Copy every record exactly. Nothing may be skipped.

Data records

+--

lemma sum_principal_minors_replace_row:
  fixes F G Ki P :: "'a::field mat"
  assumes F: "F \<in> carrier_mat n r" and G: "G \<in> carrier_mat r n" and Ki: "Ki \<in> carrier_mat r r"
    and inv: "G * F * Ki = 1\<^sub>m r" and P: "P \<in> carrier_mat c r" and l: "l < c" and j: "j < n"
  shows "(\<Sum>\<alpha>\<in>idx_sets_with r n j. det (principal_sub (replace_row (F * G) (row (P * G) l) j) \<alpha>))
    = det (G * F) * (P * Ki * G) $$ (l,j)"
proof -
  let ?T = transpose_mat
  have GF: "G * F \<in> carrier_mat r r" using G F by simp
  have "?T (Ki * (G * F)) = ?T F * ?T G * ?T Ki"
    using transpose_mult[OF Ki GF] transpose_mult[OF G F] by simp
  then have inv': "?T F * ?T G * ?T Ki = 1\<^sub>m r"
    using mat_mult_left_right_inverse[OF GF Ki] inv G F by (simp add: assoc_mult_mat[of _ r n])
  have "replace_row (F * G) (row (P * G) l) j = ?T (replace_col (?T G * ?T F) (col (?T G * ?T P) l) j)"
    using F G P l by (intro eq_matI) (auto simp: replace_row_def replace_col_def comm_scalar_prod[of _ r])
  then have minor: "det (principal_sub (replace_row (F * G) (row (P * G) l) j) \<alpha>)
    = det (principal_sub (replace_col (?T G * ?T F) (col (?T G * ?T P) l) j) \<alpha>)" for \<alpha>
    using F G by (simp add: det_principal_sub_transpose[of _ n] replace_col_def)
  have "(\<Sum>\<alpha>\<in>idx_sets_with r n j. det (principal_sub (replace_row (F * G) (row (P * G) l) j) \<alpha>))
    = (\<Sum>\<alpha>\<in>idx_sets_with r n j. det (principal_sub (replace_col (?T G * ?T F) (col (?T G * ?T P) l) j) \<alpha>))"
    by (rule sum.cong[OF refl minor])
  also have "\<dots> = det (?T F * ?T G) * (?T G * ?T Ki * ?T P) $$ (j,l)"
    using F G Ki P l j by (intro sum_principal_minors_replace_col[OF _ _ _ inv']) auto
  also have "?T G * ?T Ki * ?T P = ?T (P * Ki * G)"
  proof -
    have "P * Ki \<in> carrier_mat c r" using P Ki by simp
    then show ?thesis using transpose_mult[OF P Ki] transpose_mult[of "P * Ki" c r G n] G Ki P
      by (simp add: assoc_mult_mat[of _ n r _ r _ c])
  qed
  also have "det (?T F * ?T G) = det (G * F)"
    using det_transpose[OF GF] transpose_mult[OF G F] by simp
  also have "?T (P * Ki * G) $$ (j,l) = (P * Ki * G) $$ (l,j)" using P Ki G l j by simp
  finally show ?thesis .
qed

+--

Response for this exercise:
lemma sum_principal_minors_replace_row:
  fixes F G Ki P :: "'a::field mat"
  assumes F: "F \<in> carrier_mat n r" and G: "G \<in> carrier_mat r n" and Ki: "Ki \<in> carrier_mat r r"
    and inv: "G * F * Ki = 1\<^sub>m r" and P: "P \<in> carrier_mat c r" and l: "l < c" and j: "j < n"
  shows "(\<Sum>\<alpha>\<in>idx_sets_with r n j. det (principal_sub (replace_row (F * G) (row (P * G) l) j) \<alpha>))
    = det (G * F) * (P * Ki * G) $$ (l,j)"
proof -
  let ?T = transpose_mat
  have GF: "G * F \<in> carrier_mat r r" using G F by simp
  have "?T (Ki * (G * F)) = ?T F * ?T G * ?T Ki"
    using transpose_mult[OF Ki GF] transpose_mult[OF G F] by simp
  then have inv': "?T F * ?T G * ?T Ki = 1\<^sub>m r"
    using mat_mult_left_right_inverse[OF GF Ki] inv G F by (simp add: assoc_mult_mat[of _ r n])
  have "replace_row (F * G) (row (P * G) l) j = ?T (replace_col (?T G * ?T F) (col (?T G * ?T P) l) j)"
    using F G P l by (intro eq_matI) (auto simp: replace_row_def replace_col_def comm_scalar_prod[of _ r])
  then have minor: "det (principal_sub (replace_row (F * G) (row (P * G) l) j) \<alpha>)
    = det (principal_sub (replace_col (?T G * ?T F) (col (?T G * ?T P) l) j) \<alpha>)" for \<alpha>
    using F G by (simp add: det_principal_sub_transpose[of _ n] replace_col_def)
  have "(\<Sum>\<alpha>\<in>idx_sets_with r n j. det (principal_sub (replace_row (F * G) (row (P * G) l) j) \<alpha>))
    = (\<Sum>\<alpha>\<in>idx_sets_with r n j. det (principal_sub (replace_col (?T G * ?T F) (col (?T G * ?T P) l) j) \<alpha>))"
    by (rule sum.cong[OF refl minor])
  also have "\<dots> = det (?T F * ?T G) * (?T G * ?T Ki * ?T P) $$ (j,l)"
    using F G Ki P l j by (intro sum_principal_minors_replace_col[OF _ _ _ inv']) auto
  also have "?T G * ?T Ki * ?T P = ?T (P * Ki * G)"
  proof -
    have "P * Ki \<in> carrier_mat c r" using P Ki by simp
    then show ?thesis using transpose_mult[OF P Ki] transpose_mult[of "P * Ki" c r G n] G Ki P
      by (simp add: assoc_mult_mat[of _ n r _ r _ c])
  qed
  also have "det (?T F * ?T G) = det (G * F)"
    using det_transpose[OF GF] transpose_mult[OF G F] by simp
  also have "?T (P * Ki * G) $$ (j,l) = (P * Ki * G) $$ (l,j)" using P Ki G l j by simp
  finally show ?thesis .
qed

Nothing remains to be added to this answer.